Segment Open

(* Let $\boldsymbol{\Xi} = \begin{bmatrix}\boldsymbol{\alpha}_1 & \boldsymbol{\alpha}_2 & \boldsymbol{\alpha}_3\\ \boldsymbol{\beta}_1 & \boldsymbol{\beta}_2 & \boldsymbol{\beta}_3\end{bmatrix}\in\mathbb{R}^{6\times 3}$ (with $\boldsymbol{\alpha}_j,\boldsymbol{\beta}_j\in\mathbb{R}^3$) satisfy $\Vert\boldsymbol{\alpha}_1\Vert\neq 0$ and $\boldsymbol{\alpha}_1\times\boldsymbol{\alpha}_2\neq\boldsymbol{0}$, and let $\boldsymbol{\Xi}=\boldsymbol{S}\boldsymbol{U}$ be its unique $SU$-decomposition, with $\boldsymbol{S}=\begin{bmatrix}\boldsymbol{R} & \boldsymbol{0}\\ [\boldsymbol{p}]_\times\boldsymbol{R} & \boldsymbol{R}\end{bmatrix}$ and $\boldsymbol{R}=[\boldsymbol{r}_1\ \boldsymbol{r}_2\ \boldsymbol{r}_3]$. Then: (1) $\boldsymbol{r}_1$ is parallel to the screw axis of $\boldsymbol{\xi}_1=(\boldsymbol{\alpha}_1;\boldsymbol{\beta}_1)$; (2) $\boldsymbol{r}_3$ is parallel to the common normal of the screw axes of $\boldsymbol{\xi}_1$ and $\boldsymbol{\xi}_2=(\boldsymbol{\alpha}_2;\boldsymbol{\beta}_2)$; (3) $\boldsymbol{p}$ lies on the screw axis of $\boldsymbol{\xi}_1$; (4) $\boldsymbol{p}$ is the intersection point of the screw axis of $\boldsymbol{\xi}_1$ with the common normal of the screw axes of $\boldsymbol{\xi}_1$ and $\boldsymbol{\xi}_2$.
   Context: For $\boldsymbol{a}\in\mathbb{R}^3$, $[\boldsymbol{a}]_\times$ denotes the skew-symmetric matrix with $[\boldsymbol{a}]_\times\boldsymbol{b}=\boldsymbol{a}\times\boldsymbol{b}$. A screw-transformation matrix is a $6\times6$ matrix $\begin{bmatrix}\boldsymbol{R} & \boldsymbol{0}\\ [\boldsymbol{p}]_\times\boldsymbol{R} & \boldsymbol{R}\end{bmatrix}$ with $\boldsymbol{R}\in SO(3)$, $\boldsymbol{p}\in\mathbb{R}^3$. An $SU$-decomposition of $\boldsymbol{\Xi}$ is a factorization $\boldsymbol{\Xi}=\boldsymbol{S}\boldsymbol{U}$ with $\boldsymbol{S}$ a screw-transformation matrix and $\boldsymbol{U}=\begin{bmatrix}\boldsymbol{U}_1\\ \boldsymbol{U}_2\end{bmatrix}$, where $\boldsymbol{U}_1,\boldsymbol{U}_2$ are $3\times3$ upper-triangular with $(\boldsymbol{U}_1)_{11}>0$, $(\boldsymbol{U}_1)_{22}>0$; it exists and is unique under the stated conditions. For a screw $\boldsymbol{\xi}=(\boldsymbol{\alpha};\boldsymbol{\beta})\in\mathbb{R}^6$ with $\boldsymbol{\alpha}\neq\boldsymbol{0}$, its screw axis is the line $\{\boldsymbol{p}_\perp + t\,\boldsymbol{e} : t\in\mathbb{R}\}$ in $\mathbb{R}^3$, where $\boldsymbol{e}=\boldsymbol{\alpha}/\Vert\boldsymbol{\alpha}\Vert$ and $\boldsymbol{p}_\perp = (\boldsymbol{\alpha}\times\boldsymbol{\beta})/\Vert\boldsymbol{\alpha}\Vert^2$. The common normal of two non-parallel lines is the unique line that intersects both lines perpendicularly. *)

theory Defs
  imports "HOL-Analysis.Analysis"
begin

text \<open>Skew-symmetric matrix: skew a *v b = a x b (its j-th column is a x e_j).\<close>
definition skew :: "real^3 \<Rightarrow> real^3^3" where
  "skew a = (\<chi> i j. (cross3 a (axis j 1)) $ i)"

type_synonym line3 = "(real^3, real^3) prod"

definition on_line :: "real^3 \<Rightarrow> line3 \<Rightarrow> bool" where
  "on_line x L \<longleftrightarrow> (\<exists>t::real. x = fst L + t *\<^sub>R snd L)"

definition screw_axis :: "real^3 \<Rightarrow> real^3 \<Rightarrow> line3" where
  "screw_axis \<alpha> \<beta> = ((1 / (norm \<alpha>)\<^sup>2) *\<^sub>R cross3 \<alpha> \<beta>, (1 / norm \<alpha>) *\<^sub>R \<alpha>)"

definition is_common_normal :: "line3 \<Rightarrow> line3 \<Rightarrow> line3 \<Rightarrow> bool" where
  "is_common_normal L1 L2 N \<longleftrightarrow>
     snd N \<noteq> 0 \<and>
     (\<exists>x. on_line x L1 \<and> on_line x N) \<and>
     (\<exists>y. on_line y L2 \<and> on_line y N) \<and>
     snd N \<bullet> snd L1 = 0 \<and> snd N \<bullet> snd L2 = 0"

definition parallel :: "real^3 \<Rightarrow> real^3 \<Rightarrow> bool" where
  "parallel u v \<longleftrightarrow> u \<noteq> 0 \<and> v \<noteq> 0 \<and> (\<exists>c::real. u = c *\<^sub>R v)"

text \<open>SU-decomposition of Xi = [A; B] (A = [alpha_1 alpha_2 alpha_3], B = [beta_1 beta_2 beta_3]):
  Xi = S U with S = [R 0; [p]x R  R], R in SO(3), U = [U1; U2], U1, U2 upper triangular,
  (U1)_11 > 0, (U1)_22 > 0.  The block product S U is written out blockwise.\<close>
definition upper_triangular3 :: "real^3^3 \<Rightarrow> bool" where
  "upper_triangular3 U \<longleftrightarrow> U $ 2 $ 1 = 0 \<and> U $ 3 $ 1 = 0 \<and> U $ 3 $ 2 = 0"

Segment Closed

• _Problem description_
Copy down the entries exactly, leaving out no line.

• _Exercise response_
(* Let $\boldsymbol{\Xi} = \begin{bmatrix}\boldsymbol{\alpha}_1 & \boldsymbol{\alpha}_2 & \boldsymbol{\alpha}_3\\ \boldsymbol{\beta}_1 & \boldsymbol{\beta}_2 & \boldsymbol{\beta}_3\end{bmatrix}\in\mathbb{R}^{6\times 3}$ (with $\boldsymbol{\alpha}_j,\boldsymbol{\beta}_j\in\mathbb{R}^3$) satisfy $\Vert\boldsymbol{\alpha}_1\Vert\neq 0$ and $\boldsymbol{\alpha}_1\times\boldsymbol{\alpha}_2\neq\boldsymbol{0}$, and let $\boldsymbol{\Xi}=\boldsymbol{S}\boldsymbol{U}$ be its unique $SU$-decomposition, with $\boldsymbol{S}=\begin{bmatrix}\boldsymbol{R} & \boldsymbol{0}\\ [\boldsymbol{p}]_\times\boldsymbol{R} & \boldsymbol{R}\end{bmatrix}$ and $\boldsymbol{R}=[\boldsymbol{r}_1\ \boldsymbol{r}_2\ \boldsymbol{r}_3]$. Then: (1) $\boldsymbol{r}_1$ is parallel to the screw axis of $\boldsymbol{\xi}_1=(\boldsymbol{\alpha}_1;\boldsymbol{\beta}_1)$; (2) $\boldsymbol{r}_3$ is parallel to the common normal of the screw axes of $\boldsymbol{\xi}_1$ and $\boldsymbol{\xi}_2=(\boldsymbol{\alpha}_2;\boldsymbol{\beta}_2)$; (3) $\boldsymbol{p}$ lies on the screw axis of $\boldsymbol{\xi}_1$; (4) $\boldsymbol{p}$ is the intersection point of the screw axis of $\boldsymbol{\xi}_1$ with the common normal of the screw axes of $\boldsymbol{\xi}_1$ and $\boldsymbol{\xi}_2$.
   Context: For $\boldsymbol{a}\in\mathbb{R}^3$, $[\boldsymbol{a}]_\times$ denotes the skew-symmetric matrix with $[\boldsymbol{a}]_\times\boldsymbol{b}=\boldsymbol{a}\times\boldsymbol{b}$. A screw-transformation matrix is a $6\times6$ matrix $\begin{bmatrix}\boldsymbol{R} & \boldsymbol{0}\\ [\boldsymbol{p}]_\times\boldsymbol{R} & \boldsymbol{R}\end{bmatrix}$ with $\boldsymbol{R}\in SO(3)$, $\boldsymbol{p}\in\mathbb{R}^3$. An $SU$-decomposition of $\boldsymbol{\Xi}$ is a factorization $\boldsymbol{\Xi}=\boldsymbol{S}\boldsymbol{U}$ with $\boldsymbol{S}$ a screw-transformation matrix and $\boldsymbol{U}=\begin{bmatrix}\boldsymbol{U}_1\\ \boldsymbol{U}_2\end{bmatrix}$, where $\boldsymbol{U}_1,\boldsymbol{U}_2$ are $3\times3$ upper-triangular with $(\boldsymbol{U}_1)_{11}>0$, $(\boldsymbol{U}_1)_{22}>0$; it exists and is unique under the stated conditions. For a screw $\boldsymbol{\xi}=(\boldsymbol{\alpha};\boldsymbol{\beta})\in\mathbb{R}^6$ with $\boldsymbol{\alpha}\neq\boldsymbol{0}$, its screw axis is the line $\{\boldsymbol{p}_\perp + t\,\boldsymbol{e} : t\in\mathbb{R}\}$ in $\mathbb{R}^3$, where $\boldsymbol{e}=\boldsymbol{\alpha}/\Vert\boldsymbol{\alpha}\Vert$ and $\boldsymbol{p}_\perp = (\boldsymbol{\alpha}\times\boldsymbol{\beta})/\Vert\boldsymbol{\alpha}\Vert^2$. The common normal of two non-parallel lines is the unique line that intersects both lines perpendicularly. *)

theory Defs
  imports "HOL-Analysis.Analysis"
begin

text \<open>Skew-symmetric matrix: skew a *v b = a x b (its j-th column is a x e_j).\<close>
definition skew :: "real^3 \<Rightarrow> real^3^3" where
  "skew a = (\<chi> i j. (cross3 a (axis j 1)) $ i)"

type_synonym line3 = "(real^3, real^3) prod"

definition on_line :: "real^3 \<Rightarrow> line3 \<Rightarrow> bool" where
  "on_line x L \<longleftrightarrow> (\<exists>t::real. x = fst L + t *\<^sub>R snd L)"

definition screw_axis :: "real^3 \<Rightarrow> real^3 \<Rightarrow> line3" where
  "screw_axis \<alpha> \<beta> = ((1 / (norm \<alpha>)\<^sup>2) *\<^sub>R cross3 \<alpha> \<beta>, (1 / norm \<alpha>) *\<^sub>R \<alpha>)"

definition is_common_normal :: "line3 \<Rightarrow> line3 \<Rightarrow> line3 \<Rightarrow> bool" where
  "is_common_normal L1 L2 N \<longleftrightarrow>
     snd N \<noteq> 0 \<and>
     (\<exists>x. on_line x L1 \<and> on_line x N) \<and>
     (\<exists>y. on_line y L2 \<and> on_line y N) \<and>
     snd N \<bullet> snd L1 = 0 \<and> snd N \<bullet> snd L2 = 0"

definition parallel :: "real^3 \<Rightarrow> real^3 \<Rightarrow> bool" where
  "parallel u v \<longleftrightarrow> u \<noteq> 0 \<and> v \<noteq> 0 \<and> (\<exists>c::real. u = c *\<^sub>R v)"

text \<open>SU-decomposition of Xi = [A; B] (A = [alpha_1 alpha_2 alpha_3], B = [beta_1 beta_2 beta_3]):
  Xi = S U with S = [R 0; [p]x R  R], R in SO(3), U = [U1; U2], U1, U2 upper triangular,
  (U1)_11 > 0, (U1)_22 > 0.  The block product S U is written out blockwise.\<close>
definition upper_triangular3 :: "real^3^3 \<Rightarrow> bool" where
  "upper_triangular3 U \<longleftrightarrow> U $ 2 $ 1 = 0 \<and> U $ 3 $ 1 = 0 \<and> U $ 3 $ 2 = 0"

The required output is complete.